Jourgensen: A town of trains and trolleys

Sometimes you dig deep to learn about history; other times you stumble on a treasure trove illuminating the past. That’s what happened when I walked into the Al Merritt Media Center at MarketStreet. 

The walls in the Center’s meeting room are lined with great bygone Lynnfield photographs complete with captions. They reveal how superficial impressions of a community can be deceptive. 

It’s easy to think of Lynnfield as a small town. But the photos chronicle the town’s late 19th century and 20th century history as a transportation center. One photo shows the “Salem trolley” rolling through town with its open sides resembling San Francisco cable cars.

According to the photo captions, a community bus and several early 20th century transit services competed for Lynnfield customers at a time when cars were a luxury and horses still provided transportation and labor on farms. 

Passenger trains ran through town until 1958 with a crossing located on Summer Street.
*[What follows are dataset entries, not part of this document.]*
lemma D_of_cycle:
  assumes p: "ai_cycle C p" and k: "k \<in> {OfD1, OfD2}"
    and edges: "\<And>s. s \<in> set p \<Longrightarrow> piece (fst s) = k \<and> fst s \<noteq> tag OfD1 J"
    and ends: "\<And>s v. s \<in> set p \<Longrightarrow> entry_v C s = Some v \<or> exit_v C s = Some v \<Longrightarrow> piece v = k"
  shows "ai_cycle (D_of k) (map (\<lambda>s. (untag (fst s), snd s)) p)"
proof (rule ai_cycle_map[OF p])
  have inC: "fst s \<in> fedges C" if "s \<in> set p" for s using ai_cycleD(5)[OF p] that by blast
  fix s s' assume s: "s \<in> set p" "s' \<in> set p" and j: "ai_join C s s'"
  obtain v where v: "v \<in> fverts C" "exit_v C s = Some v" "entry_v C s' = Some v"
    "snd s = snd s' \<or> (fst s \<noteq> fst s' \<and> flab C v \<in> {Interaction, Cointeraction})"
    using j unfolding ai_join_def by blast
  have pv: "piece v = k" using ends s v(2,3) by blast
  have "exit_v (D_of k) (untag (fst s), snd s) = Some (untag v)"
    using v(2) pv edges[OF s(1)] k D_of_fsrc[OF inC[OF s(1)]] D_of_ftgt[OF inC[OF s(1)]]
    by (cases "snd s") (auto simp: exit_v_def)
  moreover have "entry_v (D_of k) (untag (fst s'), snd s') = Some (untag v)"
    using v(3) pv edges[OF s(2)] k D_of_fsrc[OF inC[OF s(2)]] D_of_ftgt[OF inC[OF s(2)]]
    by (cases "snd s'") (auto simp: entry_v_def)
  moreover have "untag v \<in> fverts (D_of k)" "flab C v = flab (D_of k) (untag v)"
    using D_of_vertex[OF v(1)] pv k by auto
  moreover have "untag (fst s) \<noteq> untag (fst s')" if "fst s \<noteq> fst s'"
    using that untag_inj edges[OF s(1)] edges[OF s(2)] by metis
  ultimately show "ai_join (D_of k) (untag (fst s), snd s) (untag (fst s'), snd s')"
    using v(4) unfolding ai_join_def by auto
next
  fix s assume "s \<in> set p"
  then show "fst (untag (fst s), snd s) \<in> fedges (D_of k)"
    using D_of_edge[of "fst s"] edges ai_cycleD(5)[OF p] k by auto
next
  fix s s' assume "s \<in> set p" "s' \<in> set p"
    "fst (untag (fst s), snd s) = fst (untag (fst s'), snd s')"
  then show "fst s = fst s'" using untag_inj edges by auto
qed

lemma cycle_free_C: "cycle_free C"
  unfolding cycle_free_def
proof
  assume "\<exists>p. ai_cycle C p"
  then obtain p where p: "ai_cycle C p" by blast
  define k where "k = piece (C_entry (hd p))"
  have "k \<in> {OfD1, OfD2}"
    using C_cycle_ends(3)[OF p] ai_cycleD(1)[OF p] unfolding k_def by simp
  then have "ai_cycle (D_of k) (map (\<lambda>s. (untag (fst s), snd s)) p)"
    using C_cycle_in_one_copy[OF p] C_cycle_ends(1,2)[OF p] unfolding k_def
    by (intro D_of_cycle[OF p]) force+
  then show False using cycle_free_D_of unfolding cycle_free_def by blast
qed

lemma atomic_C: "atomic_flow C"
proof -
  obtain pol where "polarity_ok B pol" using atomic_flowD(7)[OF B] by blast
  then obtain pol' where pol': "polarity_ok C pol'" using polarity_C by blast
  show ?thesis
  proof (rule atomic_flowI[OF _ _ fsrc_C_in ftgt_C_in arity_C acyclic_C pol'])
    show "finite (fverts C)" "finite (fedges C)"
      using atomic_flowD(1,2)[OF atomic_D1] atomic_flowD(1,2)[OF atomic_D2] atomic_flowD(2)[OF B]
      unfolding fverts_C fedges_C flow_upper_def flow_lower_def by auto
  qed
qed

lemma cycle_free_bc_C: "cycle_free_bc B C (tag Top) (tag Bottom)"
  unfolding cycle_free_bc_def
proof (intro conjI allI impI)
  show "bc B C (tag Top) (tag Bottom)"
    using bc.step[OF B i c on_cycle A_def copy_wk_B' copy_cowk_B'' _ _ glue_C] D1 D2
    unfolding cycle_free_bc_def by blast
  show "bij_betw (tag Top) Ups (flow_upper C)" "bij_betw (tag Bottom) Lows (flow_lower C)"
    unfolding flow_upper_C flow_lower_C by (simp_all add: bij_betw_def)
qed (use atomic_C cycle_free_C polarity_C in auto)

end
It’s interesting to think about trains crisscrossing the town decades ago only to fade into memory and resurface in the last two years as a backdrop to the rail trail debate. 

The sound of steel wheels clattering past homes must have been more intrusive than the whir of bicycle wheels passing backyards on the rail trail. I spent part of my childhood in a small Colorado town and the Denver Zephyr’s horn summoned us to our bicycles for a mad dash to the railroad crossing where we would watch the engine’s light grow from a yellow dot to a blinding white disk. 

A little research reveals more about Lynnfield’s transportation history, including the electric car line that ran between Salem and Corbett’s Corner, North Saugus. Boston and Maine railroad operated a Georgetown branch until, “Lack of profit resulted in both forms of transportation being abandoned,” according to a 1952 Daily Evening Item story. 

Lynnfield Community, Inc. provided transportation until 1951 when Hudson Bus Lines bought the service. Once a dirt path, Route 1 as we know it today, was resurfaced in 1909 and upgraded in the 1920s.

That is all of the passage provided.